Report: ‘Dozens’ of Black ministers sign letter blasting Georgia’s Warnock over his views on abortion

The upcoming Senate runoff races in Georgia are being touted as some of the most critical Senate elections in modern American history, primarily because of what’s at stake: control of the upper chamber of Congress and, ultimately, the direction of the country for the next four years.

Fortunately for Republican Sen. Kelly Loeffler, the Democrat hoping to win her seat on Jan. 5, Raphael Warnock, just hit a new round of obstacles in his path to victory: according to the New York Post, the left-leaning reverend received a scathing letter Friday from “dozens” of Black ministers in his state and beyond who exposed what should be grave concerns about Warnock’s views on abortion. 

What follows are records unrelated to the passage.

(* Let $G$ be of type $A_{N}$ with simple roots identified with $\Pi=\{1,\dots,N\}$. Let $J'\subseteq J\subseteq\Pi$ with $J\subseteq[a,b]$ for some $a,b\in\Pi$, and let $A\subseteq\Pi\setminus[a-1,b+1]$. Then \[ \gamma_{J/J'}=\gamma_{J\sqcup A/J'\sqcup A}\in Q_{m,W},\qquad Y_{J/J'}=Y_{J\sqcup A/J'\sqcup A}\in Q_{t,W}. \]
   Context: General notation. $W$ is the Weyl group, $\Sigma^\pm$ are the positive and negative roots, and $\ell$ is the length function. For $K\subseteq\Pi$: - $W_K$ is the parabolic subgroup with longest element $w_K$, - $W^K$ is the set of minimal length representatives of $W/W_K$, - $\Sigma^-_K$ is the set of negative roots $\alpha$ with $s_\alpha\in W_K$. For $K'\subseteq K$ set $w_{K/K'}=w_Kw_{K'}$. Multiplicative side. Take $R=\mathbb Z[t,t^{-1},(t+t^{-1})^{-1}]$. $Q_{m,W}$ is the twisted group algebra (basis $\delta^m_w$, product $(p\delta_w)(p'\delta_{w'})=p\,w(p')\delta_{ww'}$) over $Q_m=R[[X^*(T)]]_{F_m}[1/x_\alpha:\alpha>0]$, with $F_m(x,y)=x+y-xy$ and $x_\lambda=1-e^{-\lambda}$. Let \[ \tau_i=\frac{t^{-1}-t}{1-e^{-\alpha_i}}+\frac{t-t^{-1}e^{-\alpha_i}}{1-e^{-\alpha_i}}\delta^m_{s_i}, \] let $\tau_v$ be the product over a reduced word, and $t_v=t^{\ell(v)}$. Define \[ \gamma_{K/K'}:=\sum_{v\in W_K\cap W^{K'}}t_{w_{K/K'}}t_v^{-1}\tau_v. \] Hyperbolic side. $Q_{t,W}$ is the analogous twisted group algebra for the hyperbolic formal group law $F_t(x,y)=\frac{x+y-xy}{1-\mu^{-2}xy}$, $\mu=t+t^{-1}$. Define \[ x_{K/K'}=\prod_{\alpha\in\Sigma^-_K\setminus\Sigma^-_{K'}}x_\alpha,\qquad Y_{K/K'}:=\Bigl(\sum_{w\in W_{K/K'}}\delta^t_w\Bigr)\frac{1}{x_{K/K'}}, \] where $W_{K/K'}$ is any set of left coset representatives of $W_K/W_{K'}$ (the result is independent of this choice). *)

theory Defs
  imports Main "HOL-Combinatorics.Permutations"
begin

text \<open>Type A_N: the Weyl group W is the symmetric group on I = {1..N+1},
  realised as permutations nat => nat of {1..N+1}; the simple root alpha_i
  (i in Pi = {1..N}) is eps_i - eps_(i+1), with simple reflection s_i = (i i+1).
  A root eps_i - eps_j (i, j in I, i /= j) is encoded by the pair (i,j);
  it is negative iff i > j, and its reflection is the transposition (i j).\<close>

definition Iset :: "nat \<Rightarrow> nat set" where
  "Iset N = {1..Suc N}"

definition Wgrp :: "nat \<Rightarrow> (nat \<Rightarrow> nat) set" where
  "Wgrp N = {p. p permutes Iset N}"

definition sref :: "nat \<Rightarrow> nat \<Rightarrow> nat" where
  "sref i = transpose i (Suc i)"

definition word_prod :: "nat list \<Rightarrow> nat \<Rightarrow> nat" where
  "word_prod ws = foldr (\<lambda>i acc. sref i \<circ> acc) ws id"

definition coxlen :: "nat \<Rightarrow> (nat \<Rightarrow> nat) \<Rightarrow> nat" where
  "coxlen N w = (LEAST n. \<exists>ws. length ws = n \<and> set ws \<subseteq> {1..N} \<and> word_prod ws = w)"

definition reduced_word :: "nat \<Rightarrow> (nat \<Rightarrow> nat) \<Rightarrow> nat list \<Rightarrow> bool" where
  "reduced_word N w ws \<longleftrightarrow> set ws \<subseteq> {1..N} \<and> word_prod ws = w \<and> length ws = coxlen N w"

definition parab :: "nat set \<Rightarrow> (nat \<Rightarrow> nat) set" where
  "parab K = {word_prod ws | ws. set ws \<subseteq> K}"

definition longest :: "nat \<Rightarrow> nat set \<Rightarrow> nat \<Rightarrow> nat" where
  "longest N K = (THE w. w \<in> parab K \<and> (\<forall>u\<in>parab K. coxlen N u \<le> coxlen N w))"

definition minreps :: "nat \<Rightarrow> nat set \<Rightarrow> (nat \<Rightarrow> nat) set" where
  "minreps N K = {w \<in> Wgrp N. \<forall>u\<in>parab K. coxlen N w \<le> coxlen N (w \<circ> u)}"

definition negroots :: "nat \<Rightarrow> nat set \<Rightarrow> (nat \<times> nat) set" where
  "negroots N K = {(i,j). 1 \<le> j \<and> j < i \<and> i \<le> Suc N \<and> transpose i j \<in> parab K}"

text \<open>An element sum_w p_w delta_w is the function w |-> p_w (zero outside W).
  Product: (p delta_w)(p' delta_w') = p w(p') delta_(ww').\<close>

definition tga_mult :: "nat \<Rightarrow> ((nat \<Rightarrow> nat) \<Rightarrow> 'q \<Rightarrow> 'q) \<Rightarrow>
    ((nat \<Rightarrow> nat) \<Rightarrow> 'q::comm_ring_1) \<Rightarrow> ((nat \<Rightarrow> nat) \<Rightarrow> 'q) \<Rightarrow> (nat \<Rightarrow> nat) \<Rightarrow> 'q" where
  "tga_mult N act f g = (\<lambda>u. if u \<in> Wgrp N
      then (\<Sum>w\<in>Wgrp N. f w * act w (g (inv w \<circ> u))) else 0)"

definition tga_delta :: "(nat \<Rightarrow> nat) \<Rightarrow> (nat \<Rightarrow> nat) \<Rightarrow> 'q::comm_ring_1" where
  "tga_delta w = (\<lambda>u. if u = w then 1 else 0)"

definition tga_one :: "(nat \<Rightarrow> nat) \<Rightarrow> 'q::comm_ring_1" where
  "tga_one = tga_delta id"

text \<open>Abstract data of a coefficient field with the properties of (the fraction field
  of) Q_m resp. Q_t which are relevant: a W-action by ring automorphisms fixing
  the base ring R (in particular t), and the elements attached to roots.
  On the multiplicative side, em i j stands for e^(-(eps_i - eps_j)), so that
  x_(eps_i - eps_j) = 1 - em i j.  On the hyperbolic side, xh i j stands for
  x_(eps_i - eps_j) in the hyperbolic formal group ring.\<close>

definition W_action :: "nat \<Rightarrow> ((nat \<Rightarrow> nat) \<Rightarrow> 'q \<Rightarrow> 'q) \<Rightarrow> 'q::field \<Rightarrow> bool" where
  "W_action N act t \<longleftrightarrow>
     act id = id \<and>
     (\<forall>w\<in>Wgrp N. \<forall>v\<in>Wgrp N. act (w \<circ> v) = act w \<circ> act v) \<and>
     (\<forall>w\<in>Wgrp N. \<forall>a b. act w (a + b) = act w a + act w b \<and> act w (a * b) = act w a * act w b) \<and>
     (\<forall>w\<in>Wgrp N. act w 1 = 1 \<and> act w t = t) \<and>
     t \<noteq> 0 \<and> t + inverse t \<noteq> 0"

definition mult_setting :: "nat \<Rightarrow> ((nat \<Rightarrow> nat) \<Rightarrow> 'q \<Rightarrow> 'q) \<Rightarrow> (nat \<Rightarrow> nat \<Rightarrow> 'q) \<Rightarrow> 'q::field \<Rightarrow> bool" where
  "mult_setting N act em t \<longleftrightarrow> W_action N act t \<and>
     (\<forall>w\<in>Wgrp N. \<forall>i\<in>Iset N. \<forall>j\<in>Iset N. act w (em i j) = em (w i) (w j)) \<and>
     (\<forall>i\<in>Iset N. em i i = 1) \<and>
     (\<forall>i\<in>Iset N. \<forall>j\<in>Iset N. \<forall>k\<in>Iset N. em i j * em j k = em i k) \<and>
     (\<forall>i\<in>Iset N. \<forall>j\<in>Iset N. i \<noteq> j \<longrightarrow> em i j \<noteq> 1)"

Also facing off in Georgia in early January are incumbent Republican Sen. David Perdue and his Democrat opponent, Jon Ossoff.

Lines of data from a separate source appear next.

theorem lemma5:
  fixes V :: "'v set" and E :: "('v \<times> 'v) set"
    and M :: "'a measure" and N :: "'v \<Rightarrow> 'b measure" and X :: "'v \<Rightarrow> 'a \<Rightarrow> 'b"
    and m :: nat
  assumes "graph V E"
    and "connected_graph V E"
    and "\<not> complete_graph V E"
    and "so V E = enat m"
    and "m > 0"
    and "prob_space M"
    and "\<forall>v\<in>V. X v \<in> measurable M (N v)"
    and "perfectly_markov V E M N X"
  shows "E = k_graph_edges V M N X m"
proof
  show "E \<subseteq> k_graph_edges V M N X m"
    using edge_in_k_graph[OF assms(1,8,5)] by auto
  show "k_graph_edges V M N X m \<subseteq> E"
  proof (rule subsetI, rule ccontr)
    fix p assume p: "p \<in> k_graph_edges V M N X m" "p \<notin> E"
    then obtain a b where ab: "p = (a, b)" "a \<in> V" "b \<in> V" "a \<noteq> b"
      unfolding k_graph_edges_def by auto
    then obtain S0 where "S0 \<in> ms V E a b" "card S0 \<le> m"
      using so_bounds_separators[OF assms(1,3,4)] p(2) by blast
    then have "separator V E a b S0" "card S0 \<le> m" unfolding ms_def by auto
    moreover have "global_markov V E M N X"
      using assms(8) unfolding perfectly_markov_def by simp
    ultimately have "(a, b) \<notin> k_graph_edges V M N X m"
      using separated_not_in_k_graph[OF assms(1)] so_le_card[OF assms(1,3,4)] ab(2-4)
      by blast
    with p ab show False by simp
  qed
qed

end
(* Let $b$ be a prime, $(\gamma_j)_{j\ge1}$ a non-increasing sequence with $0<\gamma_j\le1$, and $0\le w_1\le w_2\le\cdots$ integers such that $\sum_{j=1}^\infty\gamma_jb^{w_j}<\infty$. Then for every $\delta\in(0,1)$ there is a constant $c_{\boldsymbol\gamma,\delta}>0$, independent of $s$ and $N$, such that for every $s\ge1$, every $m\ge1$ and $N=b^m$, the vector $\mathbf{z}=(b^{w_1}z_1,\dots,b^{w_s}z_s)$ constructed by the reduced CBC algorithm ($z_1=1$, and for $d=1,\dots,s-1$, $z_{d+1}\in\mathcal{Z}_{N,w_{d+1}}$ minimizes $z\mapsto R^{d+1}_{N,\boldsymbol\gamma}(b^{w_1}z_1,\dots,b^{w_d}z_d,b^{w_{d+1}}z)$) satisfies $$R^s_{N,\boldsymbol\gamma}(\mathbf{z})\le c_{\boldsymbol\gamma,\delta}N^{\delta-1}.$$
   Context: $\beta_j=1+\gamma_j$. $\mathcal{Z}_{N,w}=\{z\in\{1,\dots,b^{m-w}-1\}:\gcd(z,b^m)=1\}$ if $w<m$, and $\{1\}$ if $w\ge m$. For $\mathbf{y}\in\mathbb{Z}^d$, $R^d_{N,\boldsymbol\gamma}(\mathbf{y})=\frac1N\sum_{k=0}^{N-1}\prod_{j=1}^d\big(\beta_j+\gamma_j\sum_{-N/2<h\le N/2,h\ne0}\frac{e^{2\pi i hky_j/N}}{|h|}\big)-\prod_{j=1}^d\beta_j$. *)

theory Defs
  imports "HOL-Analysis.Analysis"
begin

text \<open>beta_j = 1 + gamma_j; sequences are indexed from 1.\<close>
definition beta :: "(nat \<Rightarrow> real) \<Rightarrow> nat \<Rightarrow> real" where
  "beta \<gamma> j = 1 + \<gamma> j"

definition Zset :: "nat \<Rightarrow> nat \<Rightarrow> nat \<Rightarrow> nat set" where
  "Zset b m w = (if w < m then {z. 1 \<le> z \<and> z \<le> b ^ (m - w) - 1 \<and> gcd z (b ^ m) = 1} else {1})"

definition Rc :: "nat \<Rightarrow> (nat \<Rightarrow> real) \<Rightarrow> nat \<Rightarrow> (nat \<Rightarrow> int) \<Rightarrow> complex" where
  "Rc N \<gamma> d y =
     (1 / of_nat N) * (\<Sum>k<N. \<Prod>j\<in>{1..d}.
        (of_real (beta \<gamma> j) + of_real (\<gamma> j) *
          (\<Sum>h\<in>{h::int. - (real N / 2) < real_of_int h \<and> real_of_int h \<le> real N / 2 \<and> h \<noteq> 0}.
              exp (2 * of_real pi * \<i> * of_int h * of_nat k * of_int (y j) / of_nat N)
              / of_real \<bar>real_of_int h\<bar>)))
     - (\<Prod>j\<in>{1..d}. of_real (beta \<gamma> j))"

text \<open>R is real-valued (the imaginary parts cancel); we use its real part.\<close>
definition R :: "nat \<Rightarrow> (nat \<Rightarrow> real) \<Rightarrow> nat \<Rightarrow> (nat \<Rightarrow> int) \<Rightarrow> real" where
  "R N \<gamma> d y = Re (Rc N \<gamma> d y)"

definition genvec :: "nat \<Rightarrow> (nat \<Rightarrow> nat) \<Rightarrow> (nat \<Rightarrow> nat) \<Rightarrow> nat \<Rightarrow> int" where
  "genvec b w z j = int (b ^ w j * z j)"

“Grave errors of judgment”

In their letter to Warnock, more than two dozen Black ministers from Georgia, Alabama, and Florida slammed the reverend for his pro-abortion platform and reminded Warnock that such a stance clashes with Christian beliefs.

“You have publicly expressed your views that abortion is an exercise of ‘human agency and freedom’ that is fully consistent with your role as a shepherd of God’s people,” the ministers wrote, according to the Post.

“We believe these statements represent grave errors of judgment and a lapse in pastoral responsibility, and we entreat you to reconsider them,” they added.

The issue of abortion rights, like in most other red-leaning areas of the country, is near or at the top of the list for many voters in Georgia. Sen. Loeffler, for her part, has a rock-solid anti-abortion record and has even been endorsed by pro-life groups like The National Right to Life Committee, the Post notes.

Warnock, by contrast, has made crystal clear that he opposes abortion restrictions in the state of Georgia and even lobbied against the “heartbeat” anti-abortion bill that dominated the headlines in multiple states last year, according to the Atlanta Journal-Constitution.

“A patient’s room is too small”

The Democrat Senate candidate was said to have immediately responded to letter, presumably to initiate damage-control, given the influence that ministers and pastors typically have in their communities — which is more important than ever before in what could be a razor-thin race.

“Rev. Warnock believes a patient’s room is too small a place for a woman, her doctor, and the U.S. government and that these are deeply personal health care decisions — not political ones,” a spokesman for Warnock told the Atlanta Journal-Constitution.

“He also believes those who are concerned about life ought to be focused on the incredibly high rates of infant mortality and maternal mortality, and working to make sure we are expanding access to health care, not taking it away,” the spokesperson added.

If nothing else, Warnock’s startling stance on abortion further proves that the stakes in the upcoming Georgia runoff election are higher than ever. It’s not just for the sake of controlling the Senate; a Republican win will also determine the fate of an untold number of unborn babies.